Don't Expect Dharma to Make You Feel Better
In fact, it may make you feel worse
These days mindfulness meditation, based on Buddhist sources, is sold as an optimization strategy to improve one’ mental state and as an important part of one’s wellness plan.
None of the above has anything to do with the Dharma. The experience of positive mental factors has nothing to do with “feeling good.” “Feeling good” generally refers to an absence of worry about negative phenomena, such as illness, aging, and death— everything that goes along with the three kinds of suffering.
To recap, the three kinds of suffering are suffering of suffering, suffering of change, and the suffering of compounded phenomena.
There is a legendary story of someone asking the 16th Karmapa why they didn’t feel better after practicing Buddhism for many years. His reply, apparently was, “Why did you expect samsara to get better?”
Samsara does not get better, ever, anywhere, at any time, for anyone, at all, no exceptions.
Does this mean we must feel miserable? No, only when we feel miserable do we to feel miserable. In fact, knowing that samsara will never feel better should make us happy, for therein lay the seeds of the desire to escape.

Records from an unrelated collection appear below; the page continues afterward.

lemma pmf_ratio_le_bind_post:
  assumes "pmf_ratio_le e M M'" "e \<ge> 0"
  shows "pmf_ratio_le e (bind_pmf M f) (bind_pmf M' f)"
  unfolding pmf_ratio_le_def
proof
  fix x
  have "ennreal (pmf (bind_pmf M f) x) = (\<integral>\<^sup>+a. ennreal (pmf M a) * pmf (f a) x \<partial>count_space UNIV)"
    by (simp add: ennreal_pmf_bind nn_integral_measure_pmf)
  also have "\<dots> \<le> (\<integral>\<^sup>+a. ennreal e * (ennreal (pmf M' a) * pmf (f a) x) \<partial>count_space UNIV)"
  proof (intro nn_integral_mono)
    fix a
    have "ennreal (pmf M a) \<le> ennreal e * ennreal (pmf M' a)"
      using assms by (auto simp: pmf_ratio_le_def ennreal_mult[symmetric])
    then show "ennreal (pmf M a) * pmf (f a) x \<le> ennreal e * (ennreal (pmf M' a) * pmf (f a) x)"
      by (metis mult.assoc mult_right_mono zero_le)
  qed
  also have "\<dots> = ennreal (e * pmf (bind_pmf M' f) x)"
    using assms
    by (simp add: nn_integral_cmult nn_integral_measure_pmf ennreal_mult ennreal_pmf_bind)
  finally show "pmf (bind_pmf M f) x \<le> e * pmf (bind_pmf M' f) x"
    using assms by (simp add: ennreal_le_iff)
qed

lemma pmf_ratio_le_Pi_pmf_one_coord:
  assumes "finite A" "\<And>i. i \<in> A \<Longrightarrow> i \<noteq> j \<Longrightarrow> f i = g i"
    and "pmf_ratio_le e (f j) (g j)" "e \<ge> 1"
  shows "pmf_ratio_le e (Pi_pmf A d f) (Pi_pmf A d g)"
  unfolding pmf_ratio_le_def
proof
  fix x
  have rest: "(\<Prod>i\<in>A-{j}. pmf (f i) (x i)) = (\<Prod>i\<in>A-{j}. pmf (g i) (x i))"
    using assms(2) by (intro prod.cong) auto
  have "(\<Prod>i\<in>A. pmf (f i) (x i)) \<le> e * (\<Prod>i\<in>A. pmf (g i) (x i))"
  proof (cases "j \<in> A")
    case False
    then have "(\<Prod>i\<in>A. pmf (f i) (x i)) = (\<Prod>i\<in>A. pmf (g i) (x i))"
      using rest by simp
    moreover have "(\<Prod>i\<in>A. pmf (g i) (x i)) \<ge> 0"
      by (simp add: prod_nonneg)
    ultimately show ?thesis
      using assms(4) by (simp add: mult_le_cancel_right1)
  next
    case True
    have "(\<Prod>i\<in>A. pmf (f i) (x i)) = pmf (f j) (x j) * (\<Prod>i\<in>A-{j}. pmf (g i) (x i))"
      using assms(1) True rest by (simp add: prod.remove)
    also have "\<dots> \<le> e * pmf (g j) (x j) * (\<Prod>i\<in>A-{j}. pmf (g i) (x i))"
      using assms(3) by (intro mult_right_mono) (auto simp: pmf_ratio_le_def prod_nonneg)
    also have "\<dots> = e * (\<Prod>i\<in>A. pmf (g i) (x i))"
      using assms(1) True by (simp add: prod.remove)
    finally show ?thesis .
  qed
  then show "pmf (Pi_pmf A d f) x \<le> e * pmf (Pi_pmf A d g) x"
    using assms(1,4) by (simp add: pmf_Pi prod_nonneg)
qed

lemma pmf_sign_of_bernoulli:
  assumes "0 \<le> p" "p \<le> 1"
  shows "pmf (map_pmf sign_of (bernoulli_pmf p)) y = (if y = 1 then p else if y = -1 then 1 - p else 0)"
proof (cases "y \<in> range sign_of")
  case True
  then obtain b where "y = sign_of b" by auto
  moreover have pmf_sign: "pmf (map_pmf sign_of (bernoulli_pmf p)) (sign_of b') = pmf (bernoulli_pmf p) b'"
    for b'
    by (rule pmf_map_inj') (auto simp: inj_def sign_of_def)
  ultimately show ?thesis
    using assms pmf_sign[of True] pmf_sign[of False] by (cases b) (simp_all add: sign_of_def)
next
  case False
  then have "y \<notin> {1, -1}"
    by (metis insert_iff singletonD sign_of_def rangeI)
  with False show ?thesis
    by (subst pmf_map_outside) auto
qed

lemma one_plus_tanh_le:
  fixes a b :: real
  shows "1 + tanh a \<le> exp (2 * \<bar>a - b\<bar>) * (1 + tanh b)"
proof -
  have tanh_eq: "1 + tanh t = 2 / (1 + exp (-2 * t))" for t :: real
    using add_pos_pos[OF zero_less_one exp_gt_zero[of "-2 * t"]]
    by (simp add: tanh_real_altdef field_simps)
  have "1 + exp (-2 * b) \<le> exp (2 * \<bar>a - b\<bar>) + exp (2 * \<bar>a - b\<bar> - 2 * a)"
    using abs_ge_self[of "a - b"] by (intro add_mono) auto
  also have "\<dots> = exp (2 * \<bar>a - b\<bar>) * (1 + exp (-2 * a))"
    by (simp add: distrib_left exp_diff exp_minus field_simps)
  finally have "1 + exp (-2 * b) \<le> exp (2 * \<bar>a - b\<bar>) * (1 + exp (-2 * a))" .
  then show ?thesis
    unfolding tanh_eq using add_pos_pos[OF zero_less_one exp_gt_zero]
    by (simp add: field_simps)
qed

lemma pmf_ratio_le_sign_of_tanh:
  fixes a b \<epsilon> :: real
  assumes "2 * \<bar>a - b\<bar> \<le> \<epsilon>"
  shows "pmf_ratio_le (exp \<epsilon>) (map_pmf sign_of (bernoulli_pmf ((1 + tanh a) / 2)))
                               (map_pmf sign_of (bernoulli_pmf ((1 + tanh b) / 2)))"
proof -
  have prob: "0 \<le> (1 + tanh t) / 2" "(1 + tanh t) / 2 \<le> 1" for t :: real
    using tanh_real_lt_1[of t] tanh_real_gt_neg1[of t] by auto
  have "1 + tanh t \<le> exp \<epsilon> * (1 + tanh s)" if "2 * \<bar>t - s\<bar> \<le> \<epsilon>" for t s :: real
    using one_plus_tanh_le[of t s] that tanh_real_gt_neg1[of s]
    by (smt (verit) exp_le_cancel_iff mult_right_mono)
  from this[of a b] this[of "-a" "-b"] assms
  have "(1 + tanh a) / 2 \<le> exp \<epsilon> * ((1 + tanh b) / 2)"
    and "1 - (1 + tanh a) / 2 \<le> exp \<epsilon> * (1 - (1 + tanh b) / 2)"
    by (auto simp: tanh_minus field_simps abs_minus_commute)
  then show ?thesis
    unfolding pmf_ratio_le_def pmf_sign_of_bernoulli[OF prob] by auto
qed

definition active_sum :: "kxor_inst \<Rightarrow> (nat \<Rightarrow> bool) \<Rightarrow> (nat \<Rightarrow> int) \<Rightarrow> nat \<Rightarrow> real" where
  "active_sum \<Phi> U x j =
     \<Sum>\<^sub># (image_mset (\<lambda>c. real_of_int (snd c) * (\<Prod>i \<in> fst c - {j}. real_of_int (x i)))
        (filter_mset (\<lambda>c. j \<in> fst c \<and> {i \<in> fst c. U i} = {j}) \<Phi>))"

lemma scaled_Lam_eq_active_sum:
  "\<epsilon> * sqrt (real (size \<Phi>)) / 2 * Lam \<Phi> U x j = \<epsilon> / 2 * active_sum \<Phi> U x j"
  by (cases "size \<Phi> = 0") (simp_all add: Lam_def active_sum_def)

lemma active_sum_add_mset:
  "active_sum (add_mset c \<Phi>) U x j = active_sum \<Phi> U x j +
     (if j \<in> fst c \<and> {i \<in> fst c. U i} = {j}
      then real_of_int (snd c) * (\<Prod>i \<in> fst c - {j}. real_of_int (x i)) else 0)"
  by (simp add: active_sum_def)

lemma abs_sign_prod_le_one:
  assumes "s \<in> {1, -1}" "\<And>i. x i \<in> {1, -1}"
  shows "\<bar>real_of_int s * (\<Prod>i \<in> S. real_of_int (x i))\<bar> \<le> 1"
proof -
  have "\<bar>real_of_int (x i)\<bar> = 1" for i
    using assms(2)[of i] by auto
  then show ?thesis
    using assms(1) by (auto simp: abs_mult abs_prod)
qed

lemma set_pmf_Pi_rademacher:
  assumes "finite A" "x \<in> set_pmf (Pi_pmf A 1 (\<lambda>_. rademacher))"
  shows "x i \<in> {1, -1}"
proof -
  have "set_pmf rademacher = {1, -1}"
    by (auto simp: rademacher_def sign_of_def)
  then show ?thesis
    using set_Pi_pmf_subset'[OF assms(1), of 1 "\<lambda>_. rademacher"] assms(2)
    by (cases "i \<in> A") (auto simp: PiE_dflt_def)
qed
lemma NN_LReLU_of_nn_pre:
  assumes "nn_pre d d N"
  shows "\<exists>g\<in>NN_LReLU d. \<forall>x. \<forall>i<d. g x i = N x i"
proof -
  let ?g = "affine_map d d (\<lambda>i j. if i = j then 1 else 0) (\<lambda>_. 0) \<circ> N"
  have "?g x i = N x i" if "i < d" for x i
    using that by (simp add: affine_map_def if_distrib[of "\<lambda>c. c * _"] sum.delta cong: if_cong)
  moreover have "?g \<in> NN_LReLU d"
    unfolding NN_LReLU_def using assms by blast
  ultimately show ?thesis by blast
qed

definition last_coord_layer ::
    "nat \<Rightarrow> real \<Rightarrow> real \<Rightarrow> (nat \<Rightarrow> real) \<Rightarrow> real \<Rightarrow> real \<Rightarrow> (nat \<Rightarrow> real) \<Rightarrow> nat \<Rightarrow> real" where
  "last_coord_layer D \<beta> s a C c = LReLU_vec \<beta> \<circ> affine_map (Suc D) (Suc D)
     (\<lambda>i j. if i = D then (if j = D then s else a j) else if i = j then 1 else 0)
     (\<lambda>i. if i < D then C else c)"

lemma last_coord_layer_apply:
  "last_coord_layer D \<beta> s a C c x = (\<lambda>i. if i < D then LReLU \<beta> (x i + C)
     else if i = D then LReLU \<beta> (s * x D + (\<Sum>j<D. a j * x j) + c) else 0)"
proof
  fix i
  show "last_coord_layer D \<beta> s a C c x i = (if i < D then LReLU \<beta> (x i + C)
     else if i = D then LReLU \<beta> (s * x D + (\<Sum>j<D. a j * x j) + c) else 0)"
  proof (cases "i < D")
    case True
    then have "(\<Sum>j<Suc D. (if i = j then 1 else 0) * x j) = x i"
      by (simp add: if_distrib[of "\<lambda>c. c * _"] sum.delta cong: if_cong)
    with True show ?thesis by (simp add: last_coord_layer_def LReLU_vec_def affine_map_def)
  next
    case False
    then show ?thesis
      by (auto simp: last_coord_layer_def LReLU_vec_def affine_map_def sum.lessThan_Suc
          intro!: arg_cong[of _ _ "LReLU \<beta>"] sum.cong)
  qed
qed

lemma nn_pre_last_coord_layer: "nn_pre (Suc D) (Suc D) (last_coord_layer D \<beta> s a C c)"
  using nn_pre.step[OF nn_pre.base, of "Suc D" "Suc D"] by (simp add: last_coord_layer_def o_def)
text \<open>A cycle on [n] is represented by its unique representative permutation
(one-line notation, as a list) whose first entry is 1.\<close>
definition cycles :: "nat \<Rightarrow> nat list set" where
  "cycles n = {p. distinct p \<and> set p = {1..n} \<and> p \<noteq> [] \<and> hd p = 1}"

text \<open>For n = 1 the list [1] has no such pair; the conventional drop (star,1) is neither odd-odd
nor even-odd and has odd second entry, so it affects none of the notions below.\<close>
definition drops :: "nat list \<Rightarrow> (nat \<times> nat) list" where
  "drops p = filter (\<lambda>(a,b). a > b)
     (map (\<lambda>i. (p ! i, p ! ((i + 1) mod length p))) [0..<length p])"

definition drop_oo :: "nat list \<Rightarrow> nat" where
  "drop_oo p = length (filter (\<lambda>(a,b). odd a \<and> odd b) (drops p))"

definition drop_eo :: "nat list \<Rightarrow> nat" where
  "drop_eo p = length (filter (\<lambda>(a,b). even a \<and> odd b) (drops p))"

definition cycles_o :: "nat \<Rightarrow> nat list set" where
  "cycles_o n = {p \<in> cycles n. \<forall>(a,b) \<in> set (drops p). odd b}"

end

theory Submission
  imports Defs "HOL-Library.Multiset"
begin

(* For m >= 2, every cycle in C_m^o arises exactly once from a cycle in C_(m-1)^o by inserting the
   maximum m into a gap (a, b) between cyclically consecutive entries with b odd: the new pair
   (m, b) is a drop, so b must be odd, whereas (a, m) is not a drop.  A cycle on [m-1] has
   floor(m/2) such gaps.  The insertion trades the pair (a, b) for the drop (m, b), which is
   odd-odd or even-odd according to the parity of m; so the monomial x^oo y^eo is multiplied by
   x or y and divided by x, y or 1 according as (a, b) was an odd-odd drop, an even-odd drop or
   no drop.  Summing over the n gaps of a cycle in C_(2n-1)^o or C_(2n)^o gives both identities. *)

definition insert_after :: "nat \<Rightarrow> 'a \<Rightarrow> 'a list \<Rightarrow> 'a list" where
  "insert_after i m p = take (Suc i) p @ m # drop (Suc i) p"
(* Let $M$ be a geodesic metric space with convex metric, $Z\subseteq M$, $\nu>0$, $L\ge0$. If a geodesic triangle $\Delta$ in $M$ is $\nu$--thin relative to $Z$ and the $\nu$--fat part of some side of $\Delta$ has length at most $L$, then $\Delta$ is $2(L+\nu)$--thin.
   Context: For a geodesic triangle $\Delta(a,b,c)$ let $\pi\colon\Delta\to Y_{abc}$ be the map to the comparison tripod. $\Delta$ is $\nu$--thin if $\operatorname{diam}\pi^{-1}(p)\le\nu$ for all $p\in Y_{abc}$. $\Delta$ is $\nu$--thin relative to $U$ if it is not $\nu$--thin and for every $p\in Y_{abc}$ either $\operatorname{diam}\pi^{-1}(p)\le\nu$ or $\pi^{-1}(p)\subseteq N_\nu(U)$. The $\nu$--fat part of $\Delta$ is the union of the fibers of $\pi$ of diameter $\ge\nu$; the $\nu$--fat part of a side is its intersection with the $\nu$--fat part of $\Delta$. A metric is convex if the distance function between two constant-speed geodesics is convex. *)

theory Defs
  imports "HOL-Analysis.Analysis"
begin

definition geodesic :: "(real \<Rightarrow> 'a::metric_space) \<Rightarrow> 'a \<Rightarrow> 'a \<Rightarrow> bool" where
  "geodesic g x y \<longleftrightarrow> g 0 = x \<and> g (dist x y) = y \<and>
     (\<forall>s\<in>{0..dist x y}. \<forall>t\<in>{0..dist x y}. dist (g s) (g t) = \<bar>s - t\<bar>)"

definition geodesic_space :: "'a::metric_space set \<Rightarrow> bool" where
  "geodesic_space S \<longleftrightarrow>
     (\<forall>x\<in>S. \<forall>y\<in>S. \<exists>g. geodesic g x y \<and> g ` {0..dist x y} \<subseteq> S)"
text \<open>With the ground state g n = n powr q, the potential \<open>-\<Delta>g/g\<close> equals W plus the
  boundary term \<open>a \<delta>\<^sub>n\<^sub>1\<close>, so the ground state representation writes the form of v as
  \<open>\<Sum> W v\<^sup>2\<close> plus a sum of squares; this is the Hardy inequality. W is nonnegative: at
  n = 1 it is \<open>2 - 2 powr q - a\<close> and \<open>q \<le> log 2 (2 - a)\<close>, for n \<ge> 2 use concavity of
  \<open>t powr q\<close>. For optimality, a Hardy weight \<open>w \<ge> W\<close> is tested on \<open>g \<phi>\<close>, where \<open>\<phi>\<close> is 1
  up to m and then decays like the tail of the harmonic series up to M + 1. Since
  \<open>g (n - 1) g n \<le> n\<close> for \<open>q \<le> 1/2\<close>, the remainder of \<open>g \<phi>\<close> is at most
  \<open>1 / (H\<^sub>M\<^sub>+\<^sub>1 - H\<^sub>m)\<close>, which tends to 0 as M grows, forcing w m = W m.\<close>

definition ground_state_potential :: "(nat \<Rightarrow> real) \<Rightarrow> nat \<Rightarrow> real" where
  "ground_state_potential g n = 2 - g (Suc n) / g n - g (n - 1) / g n"

definition ground_state_remainder :: "(nat \<Rightarrow> real) \<Rightarrow> nat \<Rightarrow> (nat \<Rightarrow> real) \<Rightarrow> real" where
  "ground_state_remainder g N v =
     (\<Sum>n=2..Suc N. g (n - 1) * g n * (v n / g n - v (n - 1) / g (n - 1))^2)"

lemma square_diff_eq_weighted:
  fixes a b X Y :: real
  assumes "a > 0" "b > 0"
  shows "(Y - X)^2 = (1 - b/a) * X^2 + (1 - a/b) * Y^2 + a * b * (Y/b - X/a)^2"
  using assms by (simp add: field_simps power2_eq_square)

lemma ground_state_representation_boundary:
  fixes g v :: "nat \<Rightarrow> real"
  assumes "\<And>n. n \<ge> 1 \<Longrightarrow> g n > 0" "g 0 = 0" "N \<ge> 1"
  shows "(\<Sum>n=1..N. (v n - (if n = 1 then 0 else v (n - 1)))^2) =
           (\<Sum>n=1..N. ground_state_potential g n * (v n)^2) - (1 - g (Suc N) / g N) * (v N)^2
           + (\<Sum>n=2..N. g (n - 1) * g n * (v n / g n - v (n - 1) / g (n - 1))^2)"
  using assms(3)
proof (induction N rule: nat_induct_at_least)
  case base
  have "g 1 > 0" using assms(1) by auto
  then show ?case using assms(2) by (simp add: ground_state_potential_def field_simps)
next
  case (Suc N)
  have "g N > 0" "g (Suc N) > 0" using assms(1) Suc by auto
  from square_diff_eq_weighted[OF this, of "v (Suc N)" "v N"] Suc show ?case
    by (simp add: sum.cl_ivl_Suc ground_state_potential_def algebra_simps)
qed

lemma ground_state_representation:
  fixes g v :: "nat \<Rightarrow> real"
  assumes "\<And>n. n \<ge> 1 \<Longrightarrow> g n > 0" "g 0 = 0" "v (Suc N) = 0"
  shows "(\<Sum>n=1..Suc N. (v n - (if n = 1 then 0 else v (n - 1)))^2) =
           (\<Sum>n=1..N. ground_state_potential g n * (v n)^2) + ground_state_remainder g N v"
  using ground_state_representation_boundary[of g "Suc N" v] assms
  by (simp add: ground_state_remainder_def)

lemma ground_state_remainder_nonneg:
  assumes "\<And>n. g n \<ge> 0"
  shows "ground_state_remainder g N v \<ge> 0"
  unfolding ground_state_remainder_def using assms by (intro sum_nonneg) simp

lemma ground_state_remainder_mult:
  assumes "\<And>n. n \<ge> 1 \<Longrightarrow> g n > 0"
  shows "ground_state_remainder g N (\<lambda>n. g n * \<phi> n) =
           (\<Sum>n=2..Suc N. g (n - 1) * g n * (\<phi> n - \<phi> (n - 1))^2)"
proof -
  have "g n \<noteq> 0" "g (n - 1) \<noteq> 0" if "n \<in> {2..Suc N}" for n
  proof -
    from that have "n \<ge> 1" "n - 1 \<ge> 1" by auto
    then show "g n \<noteq> 0" "g (n - 1) \<noteq> 0" using assms by (simp_all add: order_less_imp_not_eq2)
  qed
  then show ?thesis unfolding ground_state_remainder_def by (intro sum.cong) simp_all
qed

lemma ground_state_potential_power:
  assumes "n \<ge> 1"
  shows "ground_state_potential (\<lambda>n. real n powr q) n = W_weight a q n + (if n = 1 then a else 0)"
proof -
  have "1 + 1 / real n = real (Suc n) / real n" "1 - 1 / real n = real (n - 1) / real n"
    using assms by (simp_all add: field_simps of_nat_diff)
  then show ?thesis
    unfolding ground_state_potential_def W_weight_def by (simp add: powr_divide)
qed

lemma qform_of_real:
  "qform a N (\<lambda>n. complex_of_real (v n)) =
     (\<Sum>n=1..Suc N. (v n - (if n = 1 then 0 else v (n - 1)))^2) - a * (v 1)^2"
proof -
  have "(cmod (if n = 1 then complex_of_real (v 1) else of_real (v n) - of_real (v (n - 1))))^2
          = (v n - (if n = 1 then 0 else v (n - 1)))^2" for n
    by (cases "n = 1") (simp_all flip: of_real_diff)
  then show ?thesis unfolding qform_def by simp
qed

lemma qform_norm_le: "qform a N (\<lambda>n. complex_of_real (cmod (u n))) \<le> qform a N u"
proof -
  have "(cmod (u n) - (if n = 1 then 0 else cmod (u (n - 1))))^2
          \<le> (cmod (if n = 1 then u 1 else u n - u (n - 1)))^2" for n
  proof (cases "n = 1")
    case False
    have "\<bar>cmod (u n) - cmod (u (n - 1))\<bar> \<le> cmod (u n - u (n - 1))"
      by (rule norm_triangle_ineq3)
    from power_mono[OF this abs_ge_zero, of 2] False show ?thesis by simp
  qed simp
  then have "(\<Sum>n=1..Suc N. (cmod (u n) - (if n = 1 then 0 else cmod (u (n - 1))))^2)
               \<le> (\<Sum>n=1..Suc N. (cmod (if n = 1 then u 1 else u n - u (n - 1)))^2)"
    by (rule sum_mono)
  then show ?thesis unfolding qform_of_real qform_def by linarith
qed

lemma qform_power_ground_state:
  assumes "q > 0" "v (Suc N) = 0"
  shows "qform a N (\<lambda>n. complex_of_real (v n)) =
           (\<Sum>n=1..N. W_weight a q n * (v n)^2) + ground_state_remainder (\<lambda>n. real n powr q) N v"
proof -
  have "(\<Sum>n=1..N. ground_state_potential (\<lambda>n. real n powr q) n * (v n)^2)
          = (\<Sum>n=1..N. W_weight a q n * (v n)^2 + (if n = 1 then a * (v n)^2 else 0))"
    using ground_state_potential_power[of _ q a] by (intro sum.cong refl) (simp add: distrib_right)
  also have "\<dots> = (\<Sum>n=1..N. W_weight a q n * (v n)^2) + (if N = 0 then 0 else a * (v 1)^2)"
    by (simp add: sum.distrib)
  finally show ?thesis
    using ground_state_representation[of "\<lambda>n. real n powr q" v N] assms
    by (cases "N = 0") (simp_all add: qform_of_real)
qed

lemma W_weight_hardy_inequality:
  assumes "q > 0" "\<forall>n>N. u n = 0"
  shows "(\<Sum>n=1..N. W_weight a q n * (cmod (u n))^2) \<le> qform a N u"
proof -
  have "(\<Sum>n=1..N. W_weight a q n * (cmod (u n))^2)
          \<le> qform a N (\<lambda>n. complex_of_real (cmod (u n)))"
    using qform_power_ground_state[of q "\<lambda>n. cmod (u n)" N a] assms
      ground_state_remainder_nonneg[of "\<lambda>n. real n powr q"] by simp
  also have "\<dots> \<le> qform a N u" by (rule qform_norm_le)
  finally show ?thesis .
qed
(* Let $s=a_1a_2\cdots a_n$ be a permutation of $[n]$ in one-line form, and let $\bar s=(0,a_1,a_2,\ldots,a_n)$ and $p_t=(n,n-1,\ldots,1,0)$, both $(n+1)$-cycles on $[n]^*=\{0,1,\ldots,n\}$. Then $$td(s)\ \ge\ \max_{\gamma}\ \frac{\max\{|C(p_t\bar s\gamma)-C(\gamma)|,\ |C_{odd}(p_t\bar s\gamma)-C_{odd}(\gamma)|,\ |C_{ev}(p_t\bar s\gamma)-C_{ev}(\gamma)|\}}{2},$$ where $\gamma$ ranges over all permutations of $[n]^*$.
   Context: Permutations are multiplied as composition of maps, $(\sigma\tau)(x)=\sigma(\tau(x))$. For a permutation $\pi$, $C(\pi)$, $C_{odd}(\pi)$ and $C_{ev}(\pi)$ denote the number of cycles, of odd-length cycles and of even-length cycles of $\pi$ (fixed points counted as cycles of length $1$). A transposition acting on a sequence $a_1\cdots a_n$ replaces it by $a_1\cdots a_{i-1}a_{j+1}\cdots a_k a_i\cdots a_j a_{k+1}\cdots a_n$ for some $1\le i\le j<k\le n$ (interchanging two adjacent blocks). The transposition distance $td(s)$ is the minimum number of transpositions needed to transform $s$ into $e_n=12\cdots n$. *)

theory Defs
  imports "HOL-Combinatorics.Combinatorics"
begin

definition perm_cycles :: "('a \<Rightarrow> 'a) \<Rightarrow> 'a set \<Rightarrow> 'a set set" where
  "perm_cycles p A = (\<lambda>x. orbit p x) ` A"

definition num_cycles :: "('a \<Rightarrow> 'a) \<Rightarrow> 'a set \<Rightarrow> nat" where
  "num_cycles p A = card (perm_cycles p A)"

definition num_odd_cycles :: "('a \<Rightarrow> 'a) \<Rightarrow> 'a set \<Rightarrow> nat" where
  "num_odd_cycles p A = card {c \<in> perm_cycles p A. odd (card c)}"

definition num_even_cycles :: "('a \<Rightarrow> 'a) \<Rightarrow> 'a set \<Rightarrow> nat" where
  "num_even_cycles p A = card {c \<in> perm_cycles p A. even (card c)}"

text \<open>A transposition (block interchange) on a sequence a_1 ... a_n, with
  1 \<le> i \<le> j < k \<le> n: result a_1..a_{i-1} a_{j+1}..a_k a_i..a_j a_{k+1}..a_n.\<close>
definition block_transp :: "nat \<Rightarrow> nat \<Rightarrow> nat \<Rightarrow> 'a list \<Rightarrow> 'a list" where
  "block_transp i j k s =
     take (i - 1) s @ drop j (take k s) @ drop (i - 1) (take j s) @ drop k s"

definition transp_step :: "'a list \<Rightarrow> 'a list \<Rightarrow> bool" where
  "transp_step s t \<longleftrightarrow>
     (\<exists>i j k. 1 \<le> i \<and> i \<le> j \<and> j < k \<and> k \<le> length s \<and> t = block_transp i j k s)"

definition td :: "nat list \<Rightarrow> nat" where
  "td s = (LEAST m. (transp_step ^^ m) s [1..<length s + 1])"

end

theory Submission
  imports Defs
begin

text \<open>
  Write sbar for the cycle (0 a1 ... an). A block interchange of s turns sbar into
  sbar o sigma, where sigma is the 3-cycle through the last entries of the fixed prefix
  (0 a1 ... a(i-1)) and of the two interchanged blocks; so p_t o sbar o gamma is multiplied on
  the right by the conjugate 3-cycle gamma^-1 o sigma o gamma. Right multiplication by a
  3-cycle only affects the at most three cycles through its points, and if these are three
  distinct cycles they merge into one. Merging three disjoint cycles preserves "arbitrary",
  "odd" and "even" length, so each of the three cycle counts changes by at most 2 per
  transposition. After td s transpositions s becomes e_n, for which p_t o sbar = id, and the
  counts are those of gamma.
\<close>

section \<open>Cycles given by lists\<close>

lemma cycle_of_list_Cons_self:
  assumes "distinct (a # ys)"
  shows "cycle_of_list (a # ys) a = hd (ys @ [a])"
  using assms by (cases ys) (simp_all add: id_outside_supp)

lemma cycle_of_list_next:
  assumes "distinct (xs @ a # ys)"
  shows "cycle_of_list (xs @ a # ys) a = hd (ys @ xs @ [a])"
proof -
  have "cycle_of_list (xs @ a # ys) = cycle_of_list (rotate (length xs) (xs @ a # ys))"
    using assms by (rule cycle_of_list_rotate_independent)
  also have "rotate (length xs) (xs @ a # ys) = a # ys @ xs"
    by (simp add: rotate_append)
  finally show ?thesis
    using assms cycle_of_list_Cons_self[of a "ys @ xs"] by auto
qed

From these seeds, we can begin to cultivate the limbs of the path. Path dharmas, such as faith (śraddha), effort, mindfulness, samadhi, and wisdom, while not making us feel better, give us the relief of knowing that we are doing something concrete to address the existential question all Buddhists should realize as essential—how to be free from afflictive birth.
So the next time you feel like life sucks, and it will never get better, cheer up, because it is true, it won’t. But that does not mean you cannot do anything about it. You can. You can hear the Dharma, reflect on the Dharma, and cultivate the Dharma through personal discipline, authentic contemplation practice, and wisdom.